El arte de Michel era desesperante, asfixiante. Orgulloso, observaba sus expresiones con una sonrisa encantadora y feliz. Recordaba a Sung a sus horas con la venda sobre los ojos y las manos atadas a la espalda. Compuso como pudo su sonrisa llena de desesperación, de ganas de escapar a su cárcel personal.

—¿Te gustan? —Michel exclamó sin acercarse, su expresión hambrienta de la verdad tras el horror en Sung. Se cruzó de brazos al admirar cada una de sus obras. En la poca luz, sus facciones eran filo de blancura y de sombras peligrosas—. Es mi trabajo de años. Los círculos son inicio y final, encierro y liberación.

El vidente parpadeó, las frases en su interior lejanas a la adulación que se esperaba de él. Evitó el fulgor de aceite de esos ojos tan negros como el carboncillo de las obras.

—Es... Sobrecogedor. —Logró expresar sin que la lengua se le trabara. Gesticuló su incomodidad con las manos—. Intimidado, incluso. Solo ver estas imágenes me llena de confusión y de... Terror.
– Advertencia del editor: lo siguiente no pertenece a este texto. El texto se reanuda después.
(* Let $A$ be an infinite set, fix $z\in A$, put $A'=A\setminus\{z\}$ and let $p\in[1,\infty)$. Let $L(A)$ be Lipscomb's space (defined in the context) and let $s_p:L(A)\to l^p(A)$ be given by $s_p(\widehat{\alpha})=p_p(\alpha)$. Then $s_p$ is (well defined and) injective; equivalently, if $\alpha,\beta\in N(A)$ satisfy $p_p(\alpha)=p_p(\beta)$, then $\alpha$ and $\beta$ are equivalent.
   Context: $l^p(A)$ is the set of families $x=(x_a)_{a\in A'}$ of real numbers with $x_a=0$ for all but countably many $a$ and $\sum_a|x_a|^p<\infty$, with metric $d_p(x,y)=(\sum_a|x_a-y_a|^p)^{1/p}$. $N(A)$ is the set of all sequences $\alpha=a_1a_2a_3\ldots$ with $a_k\in A$ ($A$ discrete), with metric $d(v,v')=1/k$ where $k$ is the first index at which $v,v'$ differ, and $d(v,v)=0$. Two sequences are equivalent if they are equal or if one is $a_1\ldots a_{k-2}a_{k-1}a_ka_ka_k\ldots$ and the other is $a_1\ldots a_{k-2}a_ka_{k-1}a_{k-1}a_{k-1}\ldots$ for some $k\ge 2$ and $a_{k-1}\neq a_k$ (the prefix $a_1\ldots a_{k-2}$ may be empty); $L(A)$ is the quotient of $N(A)$ by this relation and $\widehat{\alpha}$ denotes the class of $\alpha$. The map $p_p:N(A)\to l^p(A)$ is $p_p(\alpha)=(\alpha_b)_{b\in A'}$ where, for $\alpha=a_1a_2\ldots$, $\alpha_b=\sum_{k:\,a_k=b}2^{-k}$ (and $\alpha_b=0$ if no $a_k$ equals $b$). *)

theory Defs
  imports "HOL-Analysis.Analysis"
begin

text \<open>Sequences a_1 a_2 a_3 ... are represented 0-indexed: a_k = alpha (k - 1).\<close>

definition baire_N :: "'a set \<Rightarrow> (nat \<Rightarrow> 'a) set" where
  "baire_N A = {\<alpha>. \<forall>k. \<alpha> k \<in> A}"

definition lp_space :: "real \<Rightarrow> 'a set \<Rightarrow> ('a \<Rightarrow> real) set" where
  "lp_space p A' = {x. (\<forall>a. a \<notin> A' \<longrightarrow> x a = 0) \<and> countable {a. x a \<noteq> 0}
                      \<and> (\<lambda>a. \<bar>x a\<bar> powr p) summable_on A'}"

definition pp_map :: "'a set \<Rightarrow> 'a \<Rightarrow> (nat \<Rightarrow> 'a) \<Rightarrow> ('a \<Rightarrow> real)" where
  "pp_map A z \<alpha> = (\<lambda>b. if b \<in> A - {z}
       then (\<Sum>i. if \<alpha> i = b then (1/2::real) ^ Suc i else 0) else 0)"

text \<open>alpha = a_1..a_{k-2} c d d d ..., beta = a_1..a_{k-2} d c c c ..., c ~= d, k >= 2;
  here m = k - 2 is the length of the common prefix.\<close>
definition lip_rel :: "(nat \<Rightarrow> 'a) \<Rightarrow> (nat \<Rightarrow> 'a) \<Rightarrow> bool" where
  "lip_rel \<alpha> \<beta> \<longleftrightarrow> (\<exists>m c d. c \<noteq> d \<and> (\<forall>i<m. \<alpha> i = \<beta> i)
      \<and> \<alpha> m = c \<and> (\<forall>j>m. \<alpha> j = d) \<and> \<beta> m = d \<and> (\<forall>j>m. \<beta> j = c))"

definition lip_equiv :: "(nat \<Rightarrow> 'a) \<Rightarrow> (nat \<Rightarrow> 'a) \<Rightarrow> bool" where
  "lip_equiv \<alpha> \<beta> \<longleftrightarrow> \<alpha> = \<beta> \<or> lip_rel \<alpha> \<beta> \<or> lip_rel \<beta> \<alpha>"

end

theory Submission
  imports Defs
begin

text \<open>The coordinate \<open>\<alpha>\<^sub>b\<close> is the binary number \<open>0.e\<^sub>1e\<^sub>2\<dots>\<close> with \<open>e\<^sub>k = 1\<close> iff \<open>a\<^sub>k = b\<close>.
  Such a number is \<open>0\<close> only for the empty pattern and \<open>1\<close> only for the full one, and the
  only coincidences \<open>0.w1000\<dots> = 0.w0111\<dots>\<close> are the dyadic ones. So if \<open>\<alpha>\<close> and \<open>\<beta>\<close> first
  differ at position \<open>m\<close>, with \<open>\<alpha>\<^sub>m = c\<close>, \<open>\<beta>\<^sub>m = d \<noteq> z\<close>, equality of the \<open>d\<close>-coordinates forces
  the tail of \<open>\<alpha>\<close> to be constantly \<open>d\<close> and the tail of \<open>\<beta>\<close> to avoid \<open>d\<close>; comparing the
  remaining coordinates then forces the tail of \<open>\<beta>\<close> to be constantly \<open>c\<close>. Coordinates lie
  in \<open>[0,1]\<close> and the coordinates of finitely many letters sum to at most \<open>1\<close>, which gives
  membership in \<open>l\<^sup>p\<close> for \<open>p \<ge> 1\<close>.\<close>

definition dyadic_mass :: "(nat \<Rightarrow> bool) \<Rightarrow> real" where
  "dyadic_mass P = (\<Sum>i. if P i then (1/2) ^ Suc i else 0)"

lemma summable_dyadic_terms: "summable (\<lambda>i. if P i then (1/2::real) ^ Suc i else 0)"
  by (rule summable_comparison_test[OF _ sums_summable[OF power_half_series]]) auto

lemma dyadic_mass_const [simp]: "dyadic_mass (\<lambda>i. Q) = of_bool Q"
  using sums_unique[OF power_half_series] by (simp add: dyadic_mass_def)

lemma dyadic_mass_nonneg: "0 \<le> dyadic_mass P"
  unfolding dyadic_mass_def by (rule suminf_nonneg[OF summable_dyadic_terms]) auto

lemma dyadic_mass_add_compl: "dyadic_mass P + dyadic_mass (\<lambda>i. \<not> P i) = 1"
proof -
  have "dyadic_mass P + dyadic_mass (\<lambda>i. \<not> P i) = dyadic_mass (\<lambda>i. True)"
    unfolding dyadic_mass_def
    by (subst suminf_add[OF summable_dyadic_terms summable_dyadic_terms])
       (auto intro!: arg_cong[where f = suminf])
  then show ?thesis by simp
qed

lemma dyadic_mass_le_1: "dyadic_mass P \<le> 1"
  using dyadic_mass_add_compl[of P] dyadic_mass_nonneg[of "\<lambda>i. \<not> P i"] by linarith

lemma dyadic_mass_eq_0_iff: "dyadic_mass P = 0 \<longleftrightarrow> (\<forall>i. \<not> P i)"
proof
  assume mass: "dyadic_mass P = 0"
  show "\<forall>i. \<not> P i"
  proof (intro allI notI)
    fix k assume "P k"
    have "0 < dyadic_mass P" unfolding dyadic_mass_def
      by (rule suminf_pos2[OF summable_dyadic_terms, where i = k]) (use \<open>P k\<close> in auto)
    with mass show False by simp
  qed
qed (simp add: dyadic_mass_def)

lemma dyadic_mass_eq_1_iff: "dyadic_mass P = 1 \<longleftrightarrow> (\<forall>i. P i)"
  using dyadic_mass_add_compl[of P] dyadic_mass_eq_0_iff[of "\<lambda>i. \<not> P i"] by auto

lemma dyadic_mass_split:
  "dyadic_mass P = (\<Sum>i<m. if P i then (1/2) ^ Suc i else 0)
     + (1/2) ^ Suc m * (of_bool (P m) + dyadic_mass (\<lambda>i. P (Suc m + i)))"
proof -
  let ?f = "\<lambda>i. if P i then (1/2::real) ^ Suc i else 0"
  have "(\<Sum>i. ?f (i + Suc m)) = (\<Sum>i. (1/2) ^ Suc m * (if P (Suc m + i) then (1/2) ^ Suc i else 0))"
    by (rule arg_cong[where f = suminf]) (auto simp: power_add add.commute)
  also have "\<dots> = (1/2) ^ Suc m * dyadic_mass (\<lambda>i. P (Suc m + i))"
    unfolding dyadic_mass_def by (rule suminf_mult[OF summable_dyadic_terms])
  finally show ?thesis
    using suminf_split_initial_segment[OF summable_dyadic_terms, of P "Suc m"]
    by (simp add: dyadic_mass_def algebra_simps)
qed

lemma dyadic_mass_eq_iff_tail:
  assumes "\<forall>i<m. P i = Q i"
  shows "dyadic_mass P = dyadic_mass Q \<longleftrightarrow>
    of_bool (P m) + dyadic_mass (\<lambda>i. P (Suc m + i)) = of_bool (Q m) + dyadic_mass (\<lambda>i. Q (Suc m + i))"
proof -
  have "(\<Sum>i<m. if P i then (1/2::real) ^ Suc i else 0) = (\<Sum>i<m. if Q i then (1/2) ^ Suc i else 0)"
    using assms by (intro sum.cong) auto
  then show ?thesis by (simp add: dyadic_mass_split[of P m] dyadic_mass_split[of Q m])
qed

lemma sum_dyadic_mass_letters:
  assumes "finite F"
  shows "(\<Sum>b\<in>F. dyadic_mass (\<lambda>i. \<alpha> i = b)) = dyadic_mass (\<lambda>i. \<alpha> i \<in> F)"
proof -
  have "(\<Sum>b\<in>F. dyadic_mass (\<lambda>i. \<alpha> i = b))
      = (\<Sum>i. \<Sum>b\<in>F. if \<alpha> i = b then (1/2::real) ^ Suc i else 0)"
    unfolding dyadic_mass_def by (rule suminf_sum[symmetric]) (rule summable_dyadic_terms)
  also have "\<dots> = dyadic_mass (\<lambda>i. \<alpha> i \<in> F)"
    unfolding dyadic_mass_def using assms by (simp)
  finally show ?thesis .
qed

lemma lip_rel_dyadic_mass_eq:
  assumes "lip_rel \<alpha> \<beta>"
  shows "dyadic_mass (\<lambda>i. \<alpha> i = b) = dyadic_mass (\<lambda>i. \<beta> i = b)"
proof -
  obtain m c d where "c \<noteq> d" "\<forall>i<m. \<alpha> i = \<beta> i" "\<alpha> m = c" "\<forall>j>m. \<alpha> j = d"
    "\<beta> m = d" "\<forall>j>m. \<beta> j = c"
    using assms unfolding lip_rel_def by blast
  then show ?thesis
    by (subst dyadic_mass_eq_iff_tail[where m = m]) auto
qed

lemma lip_rel_of_dyadic_mass_eq:
  assumes mass_eq: "\<And>b. b \<noteq> z \<Longrightarrow> dyadic_mass (\<lambda>i. \<alpha> i = b) = dyadic_mass (\<lambda>i. \<beta> i = b)"
    and prefix: "\<forall>i<m. \<alpha> i = \<beta> i" and differ: "\<alpha> m \<noteq> \<beta> m" and visible: "\<beta> m \<noteq> z"
  shows "lip_rel \<alpha> \<beta>"
proof -
  define c d where "c = \<alpha> m" and "d = \<beta> m"
  define T\<alpha> T\<beta> where "T\<alpha> b = dyadic_mass (\<lambda>i. \<alpha> (Suc m + i) = b)"
    and "T\<beta> b = dyadic_mass (\<lambda>i. \<beta> (Suc m + i) = b)" for b
  have tails: "of_bool (c = b) + T\<alpha> b = of_bool (d = b) + T\<beta> b" if "b \<noteq> z" for b
    using mass_eq[OF that] dyadic_mass_eq_iff_tail[of m "\<lambda>i. \<alpha> i = b" "\<lambda>i. \<beta> i = b"] prefix
    by (simp add: c_def d_def T\<alpha>_def T\<beta>_def)
  have bounds: "0 \<le> T\<alpha> b" "T\<alpha> b \<le> 1" "0 \<le> T\<beta> b" "T\<beta> b \<le> 1" for b
    by (simp_all add: T\<alpha>_def T\<beta>_def dyadic_mass_nonneg dyadic_mass_le_1)
  have "T\<alpha> d = 1 + T\<beta> d"
    using tails[of d] differ visible by (simp add: c_def d_def)
  then have mass_d: "T\<alpha> d = 1" "T\<beta> d = 0"
    using bounds[of d] by linarith+
  have \<alpha>_tail: "\<alpha> j = d" and \<beta>_tail_avoids_d: "\<beta> j \<noteq> d" if "m < j" for j
  proof -
    obtain i where "j = Suc m + i"
      using \<open>m < j\<close> less_iff_Suc_add by auto
    then show "\<alpha> j = d" "\<beta> j \<noteq> d"
      using mass_d by (simp_all add: T\<alpha>_def T\<beta>_def dyadic_mass_eq_1_iff dyadic_mass_eq_0_iff)
  qed
  have \<beta>_tail: "\<beta> j = c" if "m < j" for j
  proof (rule ccontr)
    obtain i where j: "j = Suc m + i"
      using \<open>m < j\<close> less_iff_Suc_add by auto
    assume "\<beta> j \<noteq> c"
    show False
    proof (cases "\<beta> j = z")
      case False
      have "d \<noteq> \<beta> j"
        using \<beta>_tail_avoids_d[OF \<open>m < j\<close>] by simp
      then have "T\<alpha> (\<beta> j) = 0"
        using \<alpha>_tail by (simp add: T\<alpha>_def dyadic_mass_eq_0_iff)
      then have "T\<beta> (\<beta> j) = 0"
        using tails[OF False] \<open>\<beta> j \<noteq> c\<close> \<open>d \<noteq> \<beta> j\<close> by simp
      then show False
        unfolding T\<beta>_def dyadic_mass_eq_0_iff using j by blast
    next
      case True
      \<comment> \<open>now \<open>c \<noteq> z\<close>, so the \<open>c\<close>-coordinates are compared\<close>
      have "1 + T\<alpha> c = T\<beta> c"
        using tails[of c] True \<open>\<beta> j \<noteq> c\<close> differ by (simp add: c_def d_def)
      then have "T\<beta> c = 1"
        using bounds[of c] by linarith
      then show False
        unfolding T\<beta>_def dyadic_mass_eq_1_iff using j \<open>\<beta> j \<noteq> c\<close> by blast
    qed
  qed
  show ?thesis
    unfolding lip_rel_def
    using prefix differ \<alpha>_tail \<beta>_tail by (auto simp: c_def d_def)
qed

lemma dyadic_mass_eq_iff_lip_equiv:
  "(\<forall>b. b \<noteq> z \<longrightarrow> dyadic_mass (\<lambda>i. \<alpha> i = b) = dyadic_mass (\<lambda>i. \<beta> i = b))
     \<longleftrightarrow> lip_equiv \<alpha> \<beta>"
proof
  assume mass_eq: "\<forall>b. b \<noteq> z \<longrightarrow> dyadic_mass (\<lambda>i. \<alpha> i = b) = dyadic_mass (\<lambda>i. \<beta> i = b)"
  show "lip_equiv \<alpha> \<beta>"
  proof (cases "\<alpha> = \<beta>")
    case False
    then obtain m where differ: "\<alpha> m \<noteq> \<beta> m" and prefix: "\<forall>i<m. \<alpha> i = \<beta> i"
      using exists_least_iff[of "\<lambda>n. \<alpha> n \<noteq> \<beta> n"] by blast
    consider "\<beta> m \<noteq> z" | "\<alpha> m \<noteq> z"
      using differ by blast
    then show ?thesis
    proof cases
      case 1
      have "lip_rel \<alpha> \<beta>"
        by (rule lip_rel_of_dyadic_mass_eq[of z, OF _ prefix differ 1]) (use mass_eq in blast)
      then show ?thesis by (simp add: lip_equiv_def)
    next
      case 2
      have "lip_rel \<beta> \<alpha>"
        by (rule lip_rel_of_dyadic_mass_eq[of z]) (use mass_eq prefix differ 2 in auto)
      then show ?thesis by (simp add: lip_equiv_def)
    qed
  qed (simp add: lip_equiv_def)
next
  assume "lip_equiv \<alpha> \<beta>"
  then show "\<forall>b. b \<noteq> z \<longrightarrow> dyadic_mass (\<lambda>i. \<alpha> i = b) = dyadic_mass (\<lambda>i. \<beta> i = b)"
    unfolding lip_equiv_def using lip_rel_dyadic_mass_eq by fastforce
qed

lemma pp_map_apply:
  "pp_map A z \<alpha> b = (if b \<in> A - {z} then dyadic_mass (\<lambda>i. \<alpha> i = b) else 0)"
  by (simp add: pp_map_def dyadic_mass_def)

lemma pp_map_eq_iff_lip_equiv:
  assumes "\<alpha> \<in> baire_N A" "\<beta> \<in> baire_N A"
  shows "pp_map A z \<alpha> = pp_map A z \<beta> \<longleftrightarrow> lip_equiv \<alpha> \<beta>"
proof -
  have outside_A: "dyadic_mass (\<lambda>i. \<alpha> i = b) = dyadic_mass (\<lambda>i. \<beta> i = b)" if "b \<notin> A" for b
  proof -
    have "\<forall>i. \<alpha> i \<noteq> b" "\<forall>i. \<beta> i \<noteq> b"
      using assms that by (auto simp: baire_N_def)
    then show ?thesis by simp
  qed
  have "pp_map A z \<alpha> = pp_map A z \<beta> \<longleftrightarrow>
      (\<forall>b\<in>A - {z}. dyadic_mass (\<lambda>i. \<alpha> i = b) = dyadic_mass (\<lambda>i. \<beta> i = b))"
    unfolding fun_eq_iff pp_map_apply by auto
  also have "\<dots> \<longleftrightarrow> (\<forall>b. b \<noteq> z \<longrightarrow> dyadic_mass (\<lambda>i. \<alpha> i = b) = dyadic_mass (\<lambda>i. \<beta> i = b))"
    using outside_A by auto
  also have "\<dots> \<longleftrightarrow> lip_equiv \<alpha> \<beta>"
    by (rule dyadic_mass_eq_iff_lip_equiv)
  finally show ?thesis .
qed

lemma pp_map_in_lp_space:
  assumes "1 \<le> p"
  shows "pp_map A z \<alpha> \<in> lp_space p (A - {z})"
proof -
  let ?x = "pp_map A z \<alpha>"
  have x_bounds: "0 \<le> ?x b" "?x b \<le> 1" for b
    by (simp_all add: pp_map_apply dyadic_mass_nonneg dyadic_mass_le_1)
  have "{b. ?x b \<noteq> 0} \<subseteq> range \<alpha>"
    by (auto simp: pp_map_apply dyadic_mass_eq_0_iff)
  then have support: "countable {b. ?x b \<noteq> 0}"
    by (rule countable_subset) simp
  have "sum (\<lambda>b. \<bar>?x b\<bar> powr p) F \<le> 1" if "finite F" for F
  proof -
    have "?x b powr p \<le> ?x b" for b
      using powr_mono'[OF assms x_bounds[of b]] x_bounds(1)[of b] by simp
    then have "sum (\<lambda>b. \<bar>?x b\<bar> powr p) F \<le> sum ?x F"
      using x_bounds by (intro sum_mono) simp
    also have "\<dots> \<le> sum (\<lambda>b. dyadic_mass (\<lambda>i. \<alpha> i = b)) F"
      by (intro sum_mono) (simp add: pp_map_apply dyadic_mass_nonneg)
    also have "\<dots> \<le> 1"
      using that by (simp add: sum_dyadic_mass_letters dyadic_mass_le_1)
    finally show ?thesis .
  qed
  then have "(\<lambda>b. \<bar>?x b\<bar> powr p) summable_on (A - {z})"
    by (intro nonneg_bdd_above_summable_on bdd_aboveI2) auto
  then show ?thesis
    using support by (simp add: lp_space_def pp_map_apply)
qed

theorem proposition2p1:
  fixes A :: "'a set" and z :: 'a and p :: real
  assumes "infinite A" and "z \<in> A" and "1 \<le> p"
  shows "(\<forall>\<alpha>\<in>baire_N A. pp_map A z \<alpha> \<in> lp_space p (A - {z}))
       \<and> (\<forall>\<alpha>\<in>baire_N A. \<forall>\<beta>\<in>baire_N A.
            pp_map A z \<alpha> = pp_map A z \<beta> \<longleftrightarrow> lip_equiv \<alpha> \<beta>)"
  using \<open>1 \<le> p\<close> by (simp add: pp_map_in_lp_space pp_map_eq_iff_lip_equiv)

end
—¡Fantástico! —Michel mostraba más emoción en su expresión por esas pinturas que por la idea de su propia muerte. Sung lo vio sentándose en un taburete desgastado, frente a una pieza a medio hacer de fondo rosa—. Entonces ayúdame a terminar este. Vas a sorprenderte de la belleza real de estos círculos.

El vidente no se movió de su sitio en medio de la habitación.

—Primero seré testigo.

Michel encogió los hombros, concentrándose en su propio trabajo sin interesarle en verdad el vidente, sino solo su presencia.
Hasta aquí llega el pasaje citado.